Required work
In the entries below, find every line with the string "rule" and copy it.

○ ○ ○

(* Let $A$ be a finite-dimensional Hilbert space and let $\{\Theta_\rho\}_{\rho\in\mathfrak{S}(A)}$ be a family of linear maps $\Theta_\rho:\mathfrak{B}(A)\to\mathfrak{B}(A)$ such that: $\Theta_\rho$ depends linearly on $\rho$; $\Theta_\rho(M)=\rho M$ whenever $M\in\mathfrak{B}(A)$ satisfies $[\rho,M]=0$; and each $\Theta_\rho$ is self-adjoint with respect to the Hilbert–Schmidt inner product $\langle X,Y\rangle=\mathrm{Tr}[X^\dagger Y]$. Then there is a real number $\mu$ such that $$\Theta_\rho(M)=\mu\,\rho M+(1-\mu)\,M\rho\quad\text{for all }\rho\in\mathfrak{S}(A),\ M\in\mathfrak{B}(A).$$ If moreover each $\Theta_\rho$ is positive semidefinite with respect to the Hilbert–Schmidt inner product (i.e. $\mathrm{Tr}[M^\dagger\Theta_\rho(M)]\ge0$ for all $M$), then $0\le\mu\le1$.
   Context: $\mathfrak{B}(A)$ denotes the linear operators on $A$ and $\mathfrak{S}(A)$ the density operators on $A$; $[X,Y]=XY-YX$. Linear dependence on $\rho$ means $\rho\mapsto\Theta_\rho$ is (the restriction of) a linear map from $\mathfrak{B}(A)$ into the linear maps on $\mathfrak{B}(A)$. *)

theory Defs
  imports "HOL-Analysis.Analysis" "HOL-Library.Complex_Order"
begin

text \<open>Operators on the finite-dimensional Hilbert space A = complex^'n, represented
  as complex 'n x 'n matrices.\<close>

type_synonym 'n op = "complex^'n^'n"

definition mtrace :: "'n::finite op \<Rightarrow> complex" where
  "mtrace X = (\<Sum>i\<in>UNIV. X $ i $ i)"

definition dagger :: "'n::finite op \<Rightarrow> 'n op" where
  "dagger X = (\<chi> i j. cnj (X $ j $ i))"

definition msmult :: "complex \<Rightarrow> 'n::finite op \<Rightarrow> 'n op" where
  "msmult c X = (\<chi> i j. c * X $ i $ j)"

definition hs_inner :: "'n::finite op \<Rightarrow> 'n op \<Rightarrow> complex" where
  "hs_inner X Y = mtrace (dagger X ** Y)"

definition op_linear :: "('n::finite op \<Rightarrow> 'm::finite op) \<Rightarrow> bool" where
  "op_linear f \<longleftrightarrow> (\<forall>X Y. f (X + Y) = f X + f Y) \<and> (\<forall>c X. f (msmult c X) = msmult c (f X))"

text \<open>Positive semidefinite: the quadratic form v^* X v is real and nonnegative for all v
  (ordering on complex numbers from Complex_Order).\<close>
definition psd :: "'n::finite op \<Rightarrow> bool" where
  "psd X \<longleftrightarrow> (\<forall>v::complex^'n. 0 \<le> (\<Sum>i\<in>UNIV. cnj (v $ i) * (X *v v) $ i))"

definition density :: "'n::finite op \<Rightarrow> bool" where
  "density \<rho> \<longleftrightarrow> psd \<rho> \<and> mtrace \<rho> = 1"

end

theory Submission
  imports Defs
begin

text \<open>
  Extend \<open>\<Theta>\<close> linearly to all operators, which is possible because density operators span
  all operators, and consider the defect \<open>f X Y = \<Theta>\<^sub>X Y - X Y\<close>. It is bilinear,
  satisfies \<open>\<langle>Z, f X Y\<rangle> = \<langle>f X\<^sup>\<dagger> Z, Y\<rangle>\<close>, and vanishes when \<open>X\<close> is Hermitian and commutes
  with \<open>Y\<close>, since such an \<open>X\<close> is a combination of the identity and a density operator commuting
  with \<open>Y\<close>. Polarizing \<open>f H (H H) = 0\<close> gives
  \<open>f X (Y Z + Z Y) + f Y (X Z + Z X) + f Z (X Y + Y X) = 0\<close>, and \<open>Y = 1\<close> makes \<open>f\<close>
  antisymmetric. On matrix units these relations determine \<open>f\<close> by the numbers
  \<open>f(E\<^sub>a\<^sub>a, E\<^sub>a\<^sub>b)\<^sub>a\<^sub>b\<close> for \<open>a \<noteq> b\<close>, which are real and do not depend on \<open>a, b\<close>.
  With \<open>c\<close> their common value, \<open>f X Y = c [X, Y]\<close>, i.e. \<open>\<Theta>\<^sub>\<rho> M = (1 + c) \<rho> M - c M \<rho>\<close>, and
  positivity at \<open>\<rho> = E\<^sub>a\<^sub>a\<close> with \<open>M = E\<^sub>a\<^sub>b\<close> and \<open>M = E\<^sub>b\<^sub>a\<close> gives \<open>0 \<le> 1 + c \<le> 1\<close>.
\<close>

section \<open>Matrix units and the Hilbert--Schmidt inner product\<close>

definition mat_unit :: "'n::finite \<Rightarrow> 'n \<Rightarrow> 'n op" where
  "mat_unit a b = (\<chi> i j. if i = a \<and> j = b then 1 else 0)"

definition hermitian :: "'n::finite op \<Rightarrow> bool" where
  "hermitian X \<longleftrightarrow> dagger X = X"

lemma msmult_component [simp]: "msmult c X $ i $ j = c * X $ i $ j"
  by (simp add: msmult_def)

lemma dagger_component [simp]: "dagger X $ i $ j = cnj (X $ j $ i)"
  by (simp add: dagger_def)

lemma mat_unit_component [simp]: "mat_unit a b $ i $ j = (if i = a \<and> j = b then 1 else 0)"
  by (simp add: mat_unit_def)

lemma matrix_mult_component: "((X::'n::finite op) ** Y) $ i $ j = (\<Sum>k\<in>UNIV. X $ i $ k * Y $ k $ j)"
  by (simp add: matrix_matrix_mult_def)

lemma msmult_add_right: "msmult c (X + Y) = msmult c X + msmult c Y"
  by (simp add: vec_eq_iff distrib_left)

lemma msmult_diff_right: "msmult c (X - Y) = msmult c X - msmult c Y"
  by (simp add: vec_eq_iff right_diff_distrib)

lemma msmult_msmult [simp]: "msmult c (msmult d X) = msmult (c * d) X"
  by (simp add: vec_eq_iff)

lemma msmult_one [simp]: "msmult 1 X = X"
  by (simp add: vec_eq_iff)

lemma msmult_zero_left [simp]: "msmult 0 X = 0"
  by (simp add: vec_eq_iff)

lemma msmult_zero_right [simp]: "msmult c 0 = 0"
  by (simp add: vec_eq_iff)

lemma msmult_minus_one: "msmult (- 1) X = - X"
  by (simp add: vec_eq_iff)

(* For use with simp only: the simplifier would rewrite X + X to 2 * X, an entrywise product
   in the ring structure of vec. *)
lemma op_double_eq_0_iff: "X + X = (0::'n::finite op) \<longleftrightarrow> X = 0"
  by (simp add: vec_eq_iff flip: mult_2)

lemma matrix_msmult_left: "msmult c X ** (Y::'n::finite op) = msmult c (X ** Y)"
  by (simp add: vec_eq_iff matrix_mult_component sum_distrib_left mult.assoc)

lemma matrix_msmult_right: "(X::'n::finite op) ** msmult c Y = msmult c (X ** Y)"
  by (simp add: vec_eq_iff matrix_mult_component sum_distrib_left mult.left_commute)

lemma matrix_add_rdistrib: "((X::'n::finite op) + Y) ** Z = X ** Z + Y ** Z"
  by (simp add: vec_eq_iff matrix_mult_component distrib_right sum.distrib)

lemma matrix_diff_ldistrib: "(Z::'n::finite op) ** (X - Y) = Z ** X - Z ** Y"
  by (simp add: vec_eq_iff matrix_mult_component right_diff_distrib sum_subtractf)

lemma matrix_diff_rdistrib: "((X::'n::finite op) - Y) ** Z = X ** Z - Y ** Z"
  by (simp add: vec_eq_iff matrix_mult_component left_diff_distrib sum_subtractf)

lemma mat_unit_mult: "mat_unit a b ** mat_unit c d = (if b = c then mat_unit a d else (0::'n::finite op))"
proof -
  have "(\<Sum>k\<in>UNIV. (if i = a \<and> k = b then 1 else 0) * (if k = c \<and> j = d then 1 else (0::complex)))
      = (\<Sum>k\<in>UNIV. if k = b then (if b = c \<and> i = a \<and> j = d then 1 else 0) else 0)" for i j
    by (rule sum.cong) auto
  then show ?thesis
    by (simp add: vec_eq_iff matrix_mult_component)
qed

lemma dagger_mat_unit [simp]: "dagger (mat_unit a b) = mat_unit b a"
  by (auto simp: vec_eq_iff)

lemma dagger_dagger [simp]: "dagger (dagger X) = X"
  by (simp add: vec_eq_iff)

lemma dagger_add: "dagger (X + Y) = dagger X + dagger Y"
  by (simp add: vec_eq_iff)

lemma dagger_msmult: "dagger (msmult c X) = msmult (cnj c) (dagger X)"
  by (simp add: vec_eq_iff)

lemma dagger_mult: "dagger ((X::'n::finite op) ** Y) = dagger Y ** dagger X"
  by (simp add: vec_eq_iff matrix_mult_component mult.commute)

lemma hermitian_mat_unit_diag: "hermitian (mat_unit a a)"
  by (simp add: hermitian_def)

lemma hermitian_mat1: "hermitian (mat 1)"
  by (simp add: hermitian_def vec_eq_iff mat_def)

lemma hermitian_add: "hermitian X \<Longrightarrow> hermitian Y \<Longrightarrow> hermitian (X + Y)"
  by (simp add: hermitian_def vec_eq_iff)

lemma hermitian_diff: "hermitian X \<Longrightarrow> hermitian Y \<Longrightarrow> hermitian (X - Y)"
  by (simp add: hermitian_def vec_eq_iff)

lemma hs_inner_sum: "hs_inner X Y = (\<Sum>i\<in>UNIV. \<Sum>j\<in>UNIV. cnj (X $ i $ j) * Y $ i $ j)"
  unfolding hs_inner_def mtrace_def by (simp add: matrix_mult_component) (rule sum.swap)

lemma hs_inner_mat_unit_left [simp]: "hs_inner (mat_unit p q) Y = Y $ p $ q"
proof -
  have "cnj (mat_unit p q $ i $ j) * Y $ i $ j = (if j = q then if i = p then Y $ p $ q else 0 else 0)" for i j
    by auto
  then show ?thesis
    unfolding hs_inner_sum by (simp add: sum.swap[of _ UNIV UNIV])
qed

○ ○ ○

Task output
    by (rule sum.cong) auto
  unfolding hs_inner_def mtrace_def by (simp add: matrix_mult_component) (rule sum.swap)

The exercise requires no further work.